Mitsunobu Kawada
The Institute of Space and Astronautical Science (ISAS),
3-1-1 Yoshino-dai, Sagamihara, Kanagawa 229-8510, Japan
The Far-Infrared Surveyor (FIS) is one of the two focal plane instruments of the Infrared Imaging Surveyor, IRIS, which is a Japanese infrared astronomical satellite. FIS is designed primarily to perform an all-sky survey with several photometric bands like IRAS (the Infrared Astronomical Satellite). Advantages of FIS to IRAS are its high detectivity of point sources and its longer wavelength capability. These features are gained by remarkable improvement in detector technology. FIS adopts currently developed unstressed and stressed Ge:Ga array detectors to cover 50 to 200 µm in wavelength. Due to highly sensitive detector system, it is expected to detect over 10 million objects by the all-sky survey, including a lot of high-z objects (>10000 objects at z>1).

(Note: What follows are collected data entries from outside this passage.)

lemma mat_inv_add_outer:
  fixes y :: "nat \<Rightarrow> real"
  assumes V: "pos_def n V"
  defines "u \<equiv> mat_app (mat_inv V) n y" and "\<beta> \<equiv> bilin (mat_inv V) n y y"
  shows "mat_inv (V + outer_mat n y) = mat n n (\<lambda>(i,j). mat_inv V $$ (i,j) - u i * u j / (1 + \<beta>))"
    (is "_ = ?C")
proof (rule mat_inv_eqI[OF pos_def_add_outer[OF V]])
  have C: "V \<in> carrier_mat n n" by (rule pos_defD(1)[OF V])
  have B: "mat_inv V \<in> carrier_mat n n" by (rule pos_def_mat_inverse(4)[OF V])
  have VO: "V + outer_mat n y \<in> carrier_mat n n" using C by (simp add: outer_mat_def)
  have \<beta>: "0 \<le> \<beta>" unfolding \<beta>_def by (rule bilin_nonneg[OF pos_def_mat_inv[OF V]])
  show C': "?C \<in> carrier_mat n n" by simp
  show "(V + outer_mat n y) * ?C = 1\<^sub>m n"
  proof (rule eq_matI)
    fix i j assume "i < dim_row (1\<^sub>m n)" "j < dim_col (1\<^sub>m n)"
    then have ij: "i < n" "j < n" by auto
    have "((V + outer_mat n y) * ?C) $$ (i,j)
        = (\<Sum>k<n. (V $$ (i,k) + y i * y k) * (mat_inv V $$ (k,j) - u k * u j / (1 + \<beta>)))"
      unfolding mult_mat_entry[OF VO C' ij] using ij C by (intro sum.cong refl) (simp add: outer_mat_def)
    also have "\<dots> = (\<Sum>k<n. V $$ (i,k) * mat_inv V $$ (k,j)) + y i * (\<Sum>k<n. y k * mat_inv V $$ (k,j))
        - ((\<Sum>k<n. V $$ (i,k) * u k) + y i * (\<Sum>k<n. y k * u k)) * u j / (1 + \<beta>)"
      by (simp add: algebra_simps sum.distrib sum_subtractf sum_distrib_left sum_distrib_right
          sum_divide_distrib add_divide_distrib)
    also have "(\<Sum>k<n. V $$ (i,k) * mat_inv V $$ (k,j)) = 1\<^sub>m n $$ (i,j)"
      using mult_mat_entry[OF C B ij] pos_def_mat_inverse(2)[OF V] by simp
    also have "(\<Sum>k<n. V $$ (i,k) * u k) = y i"
      using mat_app_mat_inv[OF V ij(1)] by (simp add: mat_app_def u_def)
    also have "(\<Sum>k<n. y k * mat_inv V $$ (k,j)) = u j"
      unfolding u_def mat_app_def using mat_inv_symmetric[OF V _ ij(2)]
      by (intro sum.cong refl) (simp add: mult.commute)
    also have "(\<Sum>k<n. y k * u k) = \<beta>" unfolding \<beta>_def bilin_mat_app u_def ..
    also have "1\<^sub>m n $$ (i,j) + y i * u j - (y i + y i * \<beta>) * u j / (1 + \<beta>) = 1\<^sub>m n $$ (i,j)"
      using \<beta> by (simp add: field_simps)
    finally show "((V + outer_mat n y) * ?C) $$ (i,j) = 1\<^sub>m n $$ (i,j)" .
  qed (use C in \<open>auto simp: outer_mat_def\<close>)
qed

lemma bilin_mat_inv_add_outer:
  assumes V: "pos_def n V"
  shows "bilin (mat_inv (V + outer_mat n y)) n z z
       = bilin (mat_inv V) n z z - (bilin (mat_inv V) n z y)\<^sup>2 / (1 + bilin (mat_inv V) n y y)"
proof -
  define u where "u = mat_app (mat_inv V) n y"
  define s where "s = 1 / (1 + bilin (mat_inv V) n y y)"
  have "bilin (mat_inv (V + outer_mat n y)) n z z
      = (\<Sum>i<n. \<Sum>j<n. z i * mat_inv V $$ (i,j) * z j - (z i * u i) * (z j * u j) * s)"
    unfolding mat_inv_add_outer[OF V] bilin_def u_def[symmetric] s_def
    by (intro sum.cong refl) (simp add: algebra_simps)
  also have "\<dots> = bilin (mat_inv V) n z z - (\<Sum>i<n. z i * u i) * (\<Sum>j<n. z j * u j) * s"
    unfolding bilin_def sum_subtractf sum_product by (simp add: sum_distrib_right)
  also have "(\<Sum>i<n. z i * u i) = bilin (mat_inv V) n z y" unfolding bilin_mat_app u_def ..
  finally show ?thesis by (simp add: s_def power2_eq_square)
qed

lemma bilin_mat_inv_add_outer_ge:
  assumes V: "pos_def n V"
  shows "bilin (mat_inv V) n z z / (1 + bilin (mat_inv V) n y y) \<le> bilin (mat_inv (V + outer_mat n y)) n z z"
proof -
  define b where "b = bilin (mat_inv V) n y y"
  define q where "q = bilin (mat_inv V) n z z"
  have b: "0 \<le> b" unfolding b_def by (rule bilin_nonneg[OF pos_def_mat_inv[OF V]])
  have "(bilin (mat_inv V) n z y)\<^sup>2 / (1 + b) \<le> q * b / (1 + b)"
    using bilin_Cauchy_Schwarz[OF pos_def_mat_inv[OF V]] b unfolding q_def b_def
    by (intro divide_right_mono) auto
  then have "q - q * b / (1 + b) \<le> bilin (mat_inv (V + outer_mat n y)) n z z"
    unfolding bilin_mat_inv_add_outer[OF V] q_def[symmetric] b_def[symmetric] by linarith
  moreover have "q - q * b / (1 + b) = q / (1 + b)"
    using b by (simp add: field_simps)
  ultimately show ?thesis unfolding q_def b_def by simp
qed

definition outer_sum :: "nat \<Rightarrow> ('a \<Rightarrow> nat \<Rightarrow> real) \<Rightarrow> 'a set \<Rightarrow> real mat" where
  "outer_sum n Y F = mat n n (\<lambda>(p,q). \<Sum>j\<in>F. Y j p * Y j q)"

lemma add_outer_sum_empty: "V \<in> carrier_mat n n \<Longrightarrow> V + outer_sum n Y {} = V"
  unfolding outer_sum_def by (intro eq_matI) auto

lemma add_outer_sum_insert:
  assumes "V \<in> carrier_mat n n" "finite F" "a \<notin> F"
  shows "V + outer_sum n Y (insert a F) = (V + outer_mat n (Y a)) + outer_sum n Y F"
  using assms unfolding outer_sum_def outer_mat_def by (intro eq_matI) auto

lemma pos_def_add_outer_sum:
  assumes "finite F" "pos_def n V"
  shows "pos_def n (V + outer_sum n Y F)"
  using assms
proof (induction F arbitrary: V rule: finite_induct)
  case empty
  then show ?case using add_outer_sum_empty[of V n Y] pos_defD(1)[OF empty.prems] by simp
next
  case (insert a F)
  then show ?case
    unfolding add_outer_sum_insert[OF pos_defD(1)[OF insert.prems] insert.hyps]
    by (intro insert.IH pos_def_add_outer)
qed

FIS also has spectroscopic capability by a Fourier spectrometer covering 50 to 200 µm in wavenumber with spectral resolution of 0.5 cm-1. The same detector arrays of the scanner are used and these two functions are switched. As a result of combining a spectroscopic function with the scanner, FIS becomes an unique instrument. The basic observation mode of the FIS is an all-sky survey using the scanner. The spectroscopic function is operated in the pointing mode in which it can take longer integration time (up to 500 sec). Spectral information can be used to estimate the redshifts of strange objects detected by the all-sky survey. The spectrometer is also a powerful instrument to reveal the physical properties of galactic and nearby sources.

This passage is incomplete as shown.